Ready for Moosilauke

Meanwhile, back at Pemi, the temperature climbed into the low 80’s and Matthew Egbert returned to a favorite spot on Lower Baker – the helm of a Sunfish. Perfect wind from the northwest allowed him to tack to and fro as he made his way towards Flat Rock with a long run back towards Senior Beach. I ventured over to the Lower Lake on a kayak, a place I seldom get to visit during the summer months.

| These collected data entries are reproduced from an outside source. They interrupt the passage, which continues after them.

lemma dominant_generic_le:
  "x \<in> dominant_generic n m \<Longrightarrow> 1 \<le> a \<Longrightarrow> a \<le> b \<Longrightarrow> b \<le> n+1 \<Longrightarrow> x b \<le> x a"
  using dominant_generic_less[of x n m a b] by (cases "a = b") auto

lemma region_dominant_generic:
  assumes x: "x \<in> dominant_generic n m" and y: "y \<in> region n m x"
  shows "y \<in> dominant_generic n m" "same_side n m x y"
proof -
  have xc: "x \<in> complement n m" using x by (simp add: dominant_generic_iff)
  then show s: "same_side n m x y" using region_iff y by blast
  have "y b < y a" if "1 \<le> a" "a < b" "b \<le> n+1" for a b
    using s that dominant_generic_less[OF x that] unfolding same_side_from_def
    by (metis diff_gt_0_iff_gt le0 of_nat_0)
  then show "y \<in> dominant_generic n m"
    using region_iff[OF xc] y by (simp add: dominant_generic_iff)
qed

lemma region_eq_iff:
  assumes "x \<in> dominant_generic n m" "y \<in> dominant_generic n m"
  shows "region n m x = region n m y \<longleftrightarrow> same_side n m x y"
proof
  assume "region n m x = region n m y"
  then have "y \<in> region n m x" using assms(2) by (simp add: dominant_generic_iff)
  then show "same_side n m x y" using region_dominant_generic(2)[OF assms(1)] by blast
next
  assume "same_side n m x y"
  then have "y \<in> region n m x" using assms region_iff by (simp add: dominant_generic_iff)
  then show "region n m x = region n m y" by (rule connected_component_eq[symmetric])
qed

lemma dom_regions_eq: "dom_regions n m = region n m ` dominant_generic n m"
proof (intro set_eqI iffI)
  fix R assume "R \<in> dom_regions n m"
  then obtain x where x: "x \<in> complement n m" "R = region n m x" "R \<subseteq> dominant_cone n"
    unfolding dom_regions_def by blast
  then have "x \<in> dominant_cone n" by auto
  then have "x \<in> dominant_generic n m"
    using x(1) unfolding dominant_generic_iff dominant_cone_iff complement_iff avoids_arrangement_def
    by (metis of_nat_0 order_le_less zero_le eq_iff_diff_eq_0)
  then show "R \<in> region n m ` dominant_generic n m" using x(2) by blast
next
  fix R assume "R \<in> region n m ` dominant_generic n m"
  then obtain x where x: "x \<in> dominant_generic n m" "R = region n m x" by blast
  have "R \<subseteq> dominant_cone n"
    using region_dominant_generic(1)[OF x(1)] x(2)
    by (auto simp: dominant_generic_iff dominant_cone_iff complement_iff less_imp_le)
  then show "R \<in> dom_regions n m"
    unfolding dom_regions_def using x by (auto simp: dominant_generic_iff)
qed

section \<open>The partition of a region\<close>

definition row_cells :: "nat \<Rightarrow> nat \<Rightarrow> (nat \<Rightarrow> real) \<Rightarrow> nat \<Rightarrow> (nat \<times> nat) set" where
  "row_cells n m x i = {(j,t). i < j \<and> j \<le> n+1 \<and> 1 \<le> t \<and> t \<le> m \<and> real t < x i - x j}"

definition partition_of :: "nat \<Rightarrow> nat \<Rightarrow> (nat \<Rightarrow> real) \<Rightarrow> nat \<Rightarrow> nat" where
  "partition_of n m x i = (if i \<in> {1..n} then card (row_cells n m x i) else 0)"

lemma row_cells_subset: "row_cells n m x i \<subseteq> {i+1..n+1} \<times> {1..m}"
  unfolding row_cells_def by auto

lemma finite_row_cells: "finite (row_cells n m x i)"
  by (rule finite_subset[OF row_cells_subset]) simp

lemma card_row_box: "i \<le> n \<Longrightarrow> card ({i+1..n+1} \<times> {1..m}) = (n - i + 1) * m"
  by (simp add: card_cartesian_product Suc_diff_le)

lemma partition_of_same_side:
  "same_side n m x y \<Longrightarrow> partition_of n m x = partition_of n m y"
proof -
  assume "same_side n m x y"
  then have "row_cells n m x i = row_cells n m y i" if "1 \<le> i" for i
    using that unfolding row_cells_def same_side_from_def by auto
  then show ?thesis unfolding partition_of_def by (auto intro!: ext)
qed

lemma partition_of_mem_partitions:
  assumes x: "x \<in> dominant_generic n m"
  shows "partition_of n m x \<in> partitions n m"
proof -
  have "partition_of n m x j \<le> partition_of n m x i" if ij: "1 \<le> i" "i \<le> j" "j \<le> n" for i j
  proof -
    have "x j \<le> x i" using dominant_generic_le[OF x] ij by simp
    then have "row_cells n m x j \<subseteq> row_cells n m x i"
      using ij unfolding row_cells_def by auto
    then show ?thesis using ij finite_row_cells unfolding partition_of_def by (simp add: card_mono)
  qed
  moreover have "partition_of n m x i \<le> m * (n - i + 1)" if "i \<in> {1..n}" for i
    using card_mono[OF _ row_cells_subset[of n m x i]] card_row_box[of i n m] that
    by (simp add: partition_of_def mult.commute)
  ultimately show ?thesis unfolding partitions_def by (auto simp: partition_of_def)
qed

text \<open>If two points agree on all sign conditions strictly below row i, their i-th rows are
  nested: a cell (j, t) in one row only and a cell (k, s) in the other only would force
  the difference x_j - x_k to lie on different sides of the level |s - t| for x and y.\<close>

lemma row_cells_nested:
  assumes x: "x \<in> dominant_generic n m" and y: "y \<in> dominant_generic n m" and i: "1 \<le> i"
    and below: "same_side_from n m (i+1) x y"
  shows "row_cells n m x i \<subseteq> row_cells n m y i \<or> row_cells n m y i \<subseteq> row_cells n m x i"
proof (rule ccontr)
  assume "\<not> ?thesis"
  then obtain p q where "p \<in> row_cells n m x i - row_cells n m y i" "q \<in> row_cells n m y i - row_cells n m x i"
    by blast
  then obtain j t k s where
    jt: "i < j" "j \<le> n+1" "1 \<le> t" "t \<le> m" "real t < x i - x j" "\<not> real t < y i - y j" and
    ks: "i < k" "k \<le> n+1" "1 \<le> s" "s \<le> m" "real s < y i - y k" "\<not> real s < x i - x k"
    unfolding row_cells_def by blast
  have xk: "x i - x k < real s" using ks(6) dominant_generic_avoids[OF x i ks(1,2,4)] by simp
  have yj: "y i - y j < real t" using jt(6) dominant_generic_avoids[OF y i jt(1,2,4)] by simp
  have agree: "real (c - d) < x a - x b \<longleftrightarrow> real (c - d) < y a - y b"
    if "i < a" "a < b" "b \<le> n+1" "c \<le> m" for a b c d
    using below that unfolding same_side_from_def by (simp add: le_trans[OF diff_le_self])
  consider "j = k" | "j < k" | "k < j" by linarith
  then show False
  proof cases
    case 1 then show False using jt(5) xk ks(5) yj by simp
  next
    case 2
    have "x k < x j" using dominant_generic_less[OF x _ 2 ks(2)] i jt(1) by simp
    then have "t < s" using jt(5) xk by simp
    then show False using agree[OF jt(1) 2 ks(2) ks(4), of t] jt(5) xk ks(5) yj
      by (simp add: of_nat_diff)
  next
    case 3
    have "y j < y k" using dominant_generic_less[OF y _ 3 jt(2)] i ks(1) by simp
    then have "s < t" using ks(5) yj by simp
    then show False using agree[OF ks(1) 3 jt(2) jt(4), of s] jt(5) xk ks(5) yj
      by (simp add: of_nat_diff)
  qed
qed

After lunch, more rumbles announced the arrival of the Sargent family. Jake and Ann arrived in their mini-van with Janie, Zander, Nick and bikes in tow. With boundless energy, they leapt out of the car, ready to explore Pemi. After quickly unpacking in Lower 7—their home for the night—they were on their bikes and the journey continued. Stopping in the Nature Lodge, they were greeted by Larry who handed each their own personal piece of mica!

Nick, Zander and Janie riding down to Junior Camp

Nick, Zander, and Janie riding down to Junior Camp

Within the hour, Josh Lucas appeared. His weekend respite to New Hampshire was the perfect break from the hubbub of life on “The Hill”…the other one. Half of Lake Tent ’97 was now in attendance!

Soon the bikers returned, followed shortly thereafter by the hikers. Everyone gathered at Senior Beach to swap stories, connect with the weekend’s newcomers, and to enjoy a classic Pemi barbeque that included delicious beans cultivated in Larry’s Native American Garden. Al and Bertha Fauver made an appearance, welcoming Alumni back to Pemi and offering their sage wisdom. As the sun began to set, folks gathered around the campfire circle to hear from Larry and John, who shared some classic stories, including Larry’s Learning to Shoot; always a crowd favorite. Matthew brought out his guitar for a few sing-alongs. We sung our best rendition of the Campfire Song before the little ones headed to bed. The opening lyric, “If I lived to be nearly a hundred, and ev’ry year one of joy, I wonder if I should remember, the times when I as a boy,” felt especially fitting for this alumni group.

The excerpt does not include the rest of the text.